The first issue falls open to a two-page spread. Dr. Eleven stands on dark rocks overlooking an indigo sea at twilight. Small boats move between islands, wind turbines spinning on the horizon. He holds his fedora in his hand. A small white animal stands by his side. (Several of the older Symphony members have confirmed that this animal is a dog, but it isn’t like any dog Kirsten’s ever seen. Its name is Luli. It looks like a cross between a fox and a cloud.) A line of text across the bottom of the frame: ‘I stood looking over my damaged home and tried to forget the sweetness of life on Earth.’
Kirsten does not – cannot – remember anything from the year of wandering between when she and her brother left their suburban Toronto home (her parents never came back from wherever they were when the epidemic hit) and when they ended up in a settlement in what had been Ohio. She remembers little from before the collapse – not her home address nor her mother’s face – but she does remember with absolute clarity the man who gave her the comics, and how he fell in front of her on stage, how she sat in the shadows, forgotten, as the frantic attempts were made to revive him, and how the unknown man from the audience who had first responded came and sat with her once the paramedics had taken over, calming her, until her wrangler finally remembered to come get her.
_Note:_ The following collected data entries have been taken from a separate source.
abbreviation NT :: "'s triple \<Rightarrow> 's + 's triple option" where
  "NT t \<equiv> Inr (Some t)"

fun is_path :: "'q \<Rightarrow> ('q \<times> 's \<times> 'q) list \<Rightarrow> 'q \<Rightarrow> bool" where
  "is_path p [] q \<longleftrightarrow> p = q"
| "is_path p ((p', X, p'') # c) q \<longleftrightarrow> p' = p \<and> is_path p'' c q"

fun labels :: "('q \<times> 's \<times> 'q) list \<Rightarrow> 's list" where
  "labels [] = []"
| "labels ((_, X, _) # c) = X # labels c"

lemma length_labels [simp]: "length (labels c) = length c"
  by (induction c) auto

lemma labels_eq_Nil_iff [simp]: "labels c = [] \<longleftrightarrow> c = []"
  by (cases c rule: labels.cases) auto

lemma is_path_end_in:
  "is_path p c q \<Longrightarrow> p \<in> Q \<Longrightarrow> set c \<subseteq> Q \<times> V \<times> Q \<Longrightarrow> q \<in> Q"
  by (induction p c q rule: is_path.induct) auto

definition triple_rules :: "'s set \<Rightarrow> 's set \<Rightarrow> ('s \<times> 's list) set \<Rightarrow> 's \<Rightarrow> 's set \<Rightarrow> 's list set
    \<Rightarrow> (('s + 's triple option) \<times> ('s + 's triple option) list) set" where
  "triple_rules V T P S W F =
     {(Inr None, [NT (F, S, q)]) | q. q \<in> lquots F \<and> [] \<in> q}
   \<union> {(NT (p, A, q), map NT c) | p A q c.
        (A, labels c) \<in> P \<and> p \<in> lquots F \<and> is_path p c q \<and> set c \<subseteq> lquots F \<times> V \<times> lquots F}
   \<union> {(NT (p, X, lquot (proj W [X]) p), map Inl (proj T [X])) | p X.
        X \<in> V \<and> (X \<in> T \<or> X \<in> W) \<and> p \<in> lquots F}"

definition triple_symbols :: "'s set \<Rightarrow> 's set \<Rightarrow> 's list set \<Rightarrow> ('s + 's triple option) set" where
  "triple_symbols V T F = Inl ` T \<union> {Inr None} \<union> NT ` (lquots F \<times> V \<times> lquots F)"

lemma triple_rules_cases:
  assumes "(B, w) \<in> triple_rules V T P S W F"
  obtains (start) q where "B = Inr None" "w = [NT (F, S, q)]" "q \<in> lquots F" "[] \<in> q"
  | (expand) p A q c where "B = NT (p, A, q)" "w = map NT c" "(A, labels c) \<in> P" "p \<in> lquots F"
      "is_path p c q" "set c \<subseteq> lquots F \<times> V \<times> lquots F"
  | (project) p X where "B = NT (p, X, lquot (proj W [X]) p)" "w = map Inl (proj T [X])"
      "X \<in> V" "X \<in> T \<or> X \<in> W" "p \<in> lquots F"
  using assms unfolding triple_rules_def by blast

lemma triple_rules_startI:
  "q \<in> lquots F \<Longrightarrow> [] \<in> q \<Longrightarrow> (Inr None, [NT (F, S, q)]) \<in> triple_rules V T P S W F"
  unfolding triple_rules_def by blast

lemma triple_rules_expandI:
  "(A, labels c) \<in> P \<Longrightarrow> p \<in> lquots F \<Longrightarrow> is_path p c q \<Longrightarrow> set c \<subseteq> lquots F \<times> V \<times> lquots F
    \<Longrightarrow> (NT (p, A, q), map NT c) \<in> triple_rules V T P S W F"
  unfolding triple_rules_def by blast

lemma triple_rules_projectI:
  "X \<in> V \<Longrightarrow> X \<in> T \<or> X \<in> W \<Longrightarrow> p \<in> lquots F
    \<Longrightarrow> (NT (p, X, lquot (proj W [X]) p), map Inl (proj T [X])) \<in> triple_rules V T P S W F"
  unfolding triple_rules_def by blast

lemma derives_triple_rules_Inl:
  "derives (triple_rules V T P S W F) (map Inl x) z \<Longrightarrow> z = map Inl x"
  by (rule derives_unexpandable) (auto elim: triple_rules_cases)

lemma finite_bounded_rules:
  assumes "finite V" "\<forall>(A, w) \<in> P. A \<in> V \<and> set w \<subseteq> V \<and> length w \<le> m"
  shows "finite P"
proof (rule finite_subset)
  show "P \<subseteq> V \<times> {w. set w \<subseteq> V \<and> length w \<le> m}"
    using assms(2) by auto
  show "finite (V \<times> {w. set w \<subseteq> V \<and> length w \<le> m})"
    using assms(1) by (simp add: finite_lists_length_le)
qed

lemma cfg_triple_grammar:
  assumes G: "cfg V T P S" and fin: "finite (lquots F)"
  shows "cfg (triple_symbols V T F) (Inl ` T) (triple_rules V T P S W F) (Inr None)"
proof -
  have "finite V" "finite P" "T \<subseteq> V" "S \<in> V" and PV: "\<forall>(A, w) \<in> P. A \<in> V \<and> set w \<subseteq> V"
    using G unfolding cfg_def by auto
  then obtain m where m: "\<forall>(A, w) \<in> P. length w \<le> m"
    using finite_nat_set_iff_bounded_le[of "length ` snd ` P"] by fastforce
  have rule_in: "B \<in> triple_symbols V T F - Inl ` T \<and> set w \<subseteq> triple_symbols V T F \<and> length w \<le> Suc m"
    if "(B, w) \<in> triple_rules V T P S W F" for B w
    using that
  proof (cases rule: triple_rules_cases)
    case (start q)
    then show ?thesis using \<open>S \<in> V\<close> self_in_lquots[of F] unfolding triple_symbols_def by auto
  next
    case (expand p A q c)
    then have "q \<in> lquots F" "A \<in> V" "length c \<le> m"
      using is_path_end_in PV m by fastforce+
    with expand show ?thesis unfolding triple_symbols_def by auto
  next
    case (project p X)
    then show ?thesis
      using lquot_in_lquots[OF \<open>p \<in> lquots F\<close>] unfolding triple_symbols_def proj_def by auto
  qed
  have "finite (triple_symbols V T F)"
    unfolding triple_symbols_def using fin \<open>finite V\<close> \<open>T \<subseteq> V\<close> finite_subset by auto
  moreover have "finite (triple_rules V T P S W F)"
    using calculation rule_in by (intro finite_bounded_rules) auto
  ultimately show ?thesis
    using rule_in unfolding cfg_def triple_symbols_def by blast
qed

lemma triple_derives_sound:
  "derives (triple_rules V T P S W F) (map NT c) z \<Longrightarrow> is_path p c q \<Longrightarrow> set z \<subseteq> Inl ` T
    \<Longrightarrow> \<exists>y. derives P (labels c) y \<and> set y \<subseteq> T \<union> W \<and> z = map Inl (proj T y)
          \<and> lquot (proj W y) p = q"
proof (induction "map NT c" z arbitrary: c p q rule: derives.induct)
  case derives_Nil
  then show ?case by (intro exI[of _ "[]"]) (simp add: proj_def)
next
  case (derives_Keep xs zs X)
  then obtain t where "X = NT t" by (cases c) auto
  with \<open>set (X # zs) \<subseteq> Inl ` T\<close> show ?case by auto
next
  case (derives_Rule B w u xs v)
  from \<open>B # xs = map NT c\<close> \<open>is_path p c q\<close> obtain X b c'
    where c: "c = (p, X, b) # c'" "B = NT (p, X, b)" "xs = map NT c'" "is_path b c' q"
    by (cases c) auto
  from derives_Rule.hyps(5)[OF c(3,4)] \<open>set (u @ v) \<subseteq> Inl ` T\<close> obtain y2
    where y2: "derives P (labels c') y2" "set y2 \<subseteq> T \<union> W" "v = map Inl (proj T y2)"
      "lquot (proj W y2) b = q"
    by auto
  have "\<exists>y1. derives P [X] y1 \<and> set y1 \<subseteq> T \<union> W \<and> u = map Inl (proj T y1) \<and> lquot (proj W y1) p = b"
    using \<open>(B, w) \<in> triple_rules V T P S W F\<close>
  proof (cases rule: triple_rules_cases)
    case (expand p' A q' c1)
    with c derives_Rule.hyps(3)[of c1 p b] \<open>set (u @ v) \<subseteq> Inl ` T\<close> obtain y
      where "derives P (labels c1) y" "set y \<subseteq> T \<union> W" "u = map Inl (proj T y)" "lquot (proj W y) p = b"
      by auto
    moreover have "derives P [X] y"
      using derives.derives_Rule[OF _ \<open>derives P (labels c1) y\<close> derives_Nil] expand c by simp
    ultimately show ?thesis by blast
  next
    case (project p' X')
    with c have "X' = X" "p' = p" "b = lquot (proj W [X]) p" by auto
    moreover have "u = w"
      using \<open>derives (triple_rules V T P S W F) w u\<close> project(2) by (simp add: derives_triple_rules_Inl)
    ultimately show ?thesis
      using project by (intro exI[of _ "[X]"]) (auto simp: derives_refl)
  qed (use c in simp)
  then obtain y1 where y1: "derives P [X] y1" "set y1 \<subseteq> T \<union> W" "u = map Inl (proj T y1)"
      "lquot (proj W y1) p = b"
    by blast
  have "derives P (labels c) (y1 @ y2)"
    using c(1) derives_append[OF y1(1) y2(1)] by simp
  with y1 y2 show ?case
    by (intro exI[of _ "y1 @ y2"]) (simp add: lquot_append)
qed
Now, when the Traveling Symphony comes across an abandoned house that might still hold something useful, she scours it for gossip magazines in the off chance one of them will have a photo of that actor, Arthur, from before he died. She has found a few. Glossy reminders of her past, anchoring her to what was.
Back and forth in time. Memories made, memories lost. Yet ripples of those memories remain. Some survivors desperately work to retain those memories, others actively seek to lose them, to forget, or to shape them. For some the memories overwhelm them and twist them into something far, far removed from what they were. For so many, the memories fade, and perhaps that is for the best. Children who were born after the cataclysm grow bored and restless when their elders talk of what things were like before. Some find too much dwelling on the past upsetting. When is it right to let go? At what point is it better to let go, to change where our gaze falls? I stood looking over my damaged home and tried to forget the sweetness of life on Earth.
It’s a fascinating premise, deftly woven by a skilled author. It’s understandable that Station Eleven is a bestseller and is one of five finalists for the National Book Award. To build an intriguing novel about the world ending not with a bang or a whimper, but perhaps with a sigh, is brave. This is one journey into that unknown that you won’t want to miss.